От моей, воспетой в записях участкового, смелости не осталось и следа. Я рванул, словно выпущенный из пружины вниз, в мгновение ока долетел до третьего этажа и там зацепился за торчащий из перил прут, который все обходили, и никто не мог приварить, зацепился, разрывая в клочья кожу на спине.

Я добежал до своей квартиры, долго не мог открыть замок пока не сообразил, что дверь просто прикрыта, но не заперта. Я зашел в квартиру, направился в ванную, стал под холодный душ и только, ощутив жгучую боль, вспомнил о своей спине. Но мне было наплевать: пусть болит, пусть будет заражение, пусть я сдохну, мне все равно. Ведь я снова испугался. И снова в ответственный момент моей жизни. Я смотрел в зеркало на свое мускулистое не по годам тело и презирал себя. “Трус, трус, жалкий трус, ты не козленочек, ты козел. Испугался, кого?  Бабы, легкой, как перышко, ведь это тебе не пьяный отчим со злыми кошачьими глазами, да ты же ее…” И тут я осел. Да не ее я испугался, а того неведомого, о чем я не знал, о чем мечтал бессонными ночами, и в чем был полнейшим “козленочком”. И вдруг я решил - врешь, не возьмешь! Сейчас я поднимусь к ней, разорву ее халат в клочья, а дальше - будь, что будет.

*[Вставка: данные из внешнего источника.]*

lemma not_menger_space:
  assumes F_closed: "closure F - \<rat> \<subseteq> F" and "h ` F \<subseteq> A"
  shows "\<not> menger_space (top_of_set A)"
proof
  assume menger: "menger_space (top_of_set A)"
  define Z where "Z n = pt ` {s. length s \<le> n}" for n
  define W where "W n m = A \<inter> {y. 1 / (real m + 1) < infdist y (Z n)}" for n m :: nat
  have W_open: "openin (top_of_set A) (W n m)" for n m
    unfolding W_def
    by (intro openin_open_Int open_Collect_less continuous_on_const continuous_on_infdist continuous_on_id)
  have W_mono: "mono (W n)" for n
  proof (intro monoI)
    fix m m' :: nat assume "m \<le> m'"
    then have "1 / (real m' + 1) \<le> 1 / (real m + 1)" by (intro divide_left_mono) auto
    then show "W n m \<subseteq> W n m'" unfolding W_def by auto
  qed
  have W_cover: "topspace (top_of_set A) \<subseteq> (\<Union>m. W n m)" for n
  proof
    fix y assume "y \<in> topspace (top_of_set A)"
    then have "y \<in> A" by simp
    then have "y \<notin> Z n" using pt_notin unfolding Z_def by blast
    moreover have "closed (Z n)" unfolding Z_def by (rule closed_pt_image)
    moreover have "pt [] \<in> Z n" unfolding Z_def by simp
    ultimately have "infdist y (Z n) > 0" using infdist_pos_not_in_closed by blast
    then obtain m :: nat where "1 / (real m + 1) < infdist y (Z n)"
      using reals_Archimedean by (auto simp: inverse_eq_divide add.commute)
    then show "y \<in> (\<Union>m. W n m)" using \<open>y \<in> A\<close> unfolding W_def by blast
  qed
  obtain g where g: "topspace (top_of_set A) \<subseteq> (\<Union>n. W n (g n))"
    using menger W_open W_mono W_cover by (rule menger_space_increasing_covers)
  obtain x where "x \<in> F" and x: "\<And>n. dist (pt (branch g n)) (h x) < 1 / (real (g n) + 1)"
    using F_closed by (rule branch_point[where g = g]) blast
  then have "h x \<in> topspace (top_of_set A)" using assms(2) by auto
  then obtain n where "h x \<in> W n (g n)" using g by blast
  then have "1 / (real (g n) + 1) < infdist (h x) (Z n)" unfolding W_def by blast
  also have "\<dots> \<le> dist (h x) (pt (branch g n))"
    unfolding Z_def by (rule infdist_le) simp
  finally show False using x[of n] by (simp add: dist_commute)
qed

end

lemma hurewicz_tree_exists:
  fixes h :: "real \<Rightarrow> 'b::metric_space"
  assumes F: "F \<subseteq> -\<rat>" and h: "continuous_on (-\<rat>) h" and "F \<noteq> {}"
    and not_in_A: "\<And>a b. {a<..<b} \<inter> F \<noteq> {} \<Longrightarrow> \<not> closure (h ` ({a<..<b} \<inter> F)) \<subseteq> A"
  obtains lo hi pt where "hurewicz_tree h A F lo hi pt"
proof -
  define good :: "real \<times> real \<times> 'b \<Rightarrow> bool" where
    "good = (\<lambda>(a, b, q). q \<in> closure (h ` ({a<..<b} \<inter> F)) \<and> q \<notin> A)"
  define child :: "nat list \<Rightarrow> nat \<Rightarrow> real \<times> real \<times> 'b \<Rightarrow> real \<times> real \<times> 'b \<Rightarrow> bool" where
    "child t m = (\<lambda>(a, b, q) (a', b', q'). a < a' \<and> b' < b \<and> b' - a' < hurewicz_radius (m # t) \<and>
       from_nat_into \<rat> (length t) \<notin> {a'..b'} \<and>
       h ` ({a'<..<b'} \<inter> F) \<subseteq> ball q (hurewicz_radius (m # t)))" for t m
  have step: "\<exists>s'. good s' \<and> child t m s s'" if "good s" for s t m
  proof -
    obtain a b q where s: "s = (a, b, q)" by (metis prod.exhaust)
    have "hurewicz_radius (m # t) > 0" by (simp add: hurewicz_radius_def)
    moreover have "from_nat_into \<rat> (length t) \<in> (\<rat> :: real set)"
      using Rats_0 by (intro from_nat_into) auto
    moreover have "q \<in> closure (h ` ({a<..<b} \<inter> F))"
      using that by (simp add: good_def s)
    ultimately obtain a' b' q' where "a < a'" "b' < b" "b' - a' < hurewicz_radius (m # t)"
      "from_nat_into \<rat> (length t) \<notin> {a'..b'}"
      "h ` ({a'<..<b'} \<inter> F) \<subseteq> ball q (hurewicz_radius (m # t))"
      "q' \<in> closure (h ` ({a'<..<b'} \<inter> F))" "q' \<notin> A"
      using hurewicz_step[OF F h not_in_A] by blast
    then have "good (a', b', q') \<and> child t m s (a', b', q')"
      by (simp add: good_def child_def s)
    then show ?thesis ..
  qed
  obtain x where "x \<in> F" using \<open>F \<noteq> {}\<close> by blast
  then have "{x - 1<..<x + 1} \<inter> F \<noteq> {}" by force
  then obtain q where "q \<in> closure (h ` ({x - 1<..<x + 1} \<inter> F))" "q \<notin> A"
    using not_in_A by blast
  then have root: "good (x - 1, x + 1, q)" by (simp add: good_def)
  define node where "node = rec_list (x - 1, x + 1, q) (\<lambda>m t s. SOME s'. good s' \<and> child t m s s')"
  have node_Cons: "node (m # t) = (SOME s'. good s' \<and> child t m (node t) s')" for m t
    by (simp add: node_def)
  have good_node: "good (node t)" for t
  proof (induction t)
    case Nil
    then show ?case using root by (simp add: node_def)
  next
    case (Cons m t)
    then show ?case unfolding node_Cons using someI_ex[OF step] by blast
  qed
  have child_node: "child t m (node t) (node (m # t))" for t m
    unfolding node_Cons using someI_ex[OF step[OF good_node]] by blast
  have "hurewicz_tree h A F (\<lambda>t. fst (node t)) (\<lambda>t. fst (snd (node t))) (\<lambda>t. snd (snd (node t)))"
    using good_node child_node by unfold_locales (auto simp: good_def child_def case_prod_beta)
  then show ?thesis by (rule that)
qed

Дверь в ее квартиру была открыта…

Она стояла в коридоре возле стены, завешанной картинами, словно ждала меня. Я набросился на нее будто дикий кот, но она выставила вперед свою тонкую руку и тихо сказала: “Не надо, козленочек”. И мне стало стыдно. Почему раньше мне казалось, что ее глаза смотрели с насмешкой? Они у нее были такие добрые, с завораживающей грустинкой, и смотрели на меня (на меня?) с любовью. Я глядел в это зеленое мерцание и тонул, тонул, тонул …

Как-то так получилось, что я уже лежал в большой полутемной комнате на полу, утопая в мягком ворсистом ковре. Она целовала мои губы, шею, ее полные груди мягко скользили по моему, животу, а сильные пальцы ласкали то, что росло и менялось от ее прикосновений, превращая меня в мужчину …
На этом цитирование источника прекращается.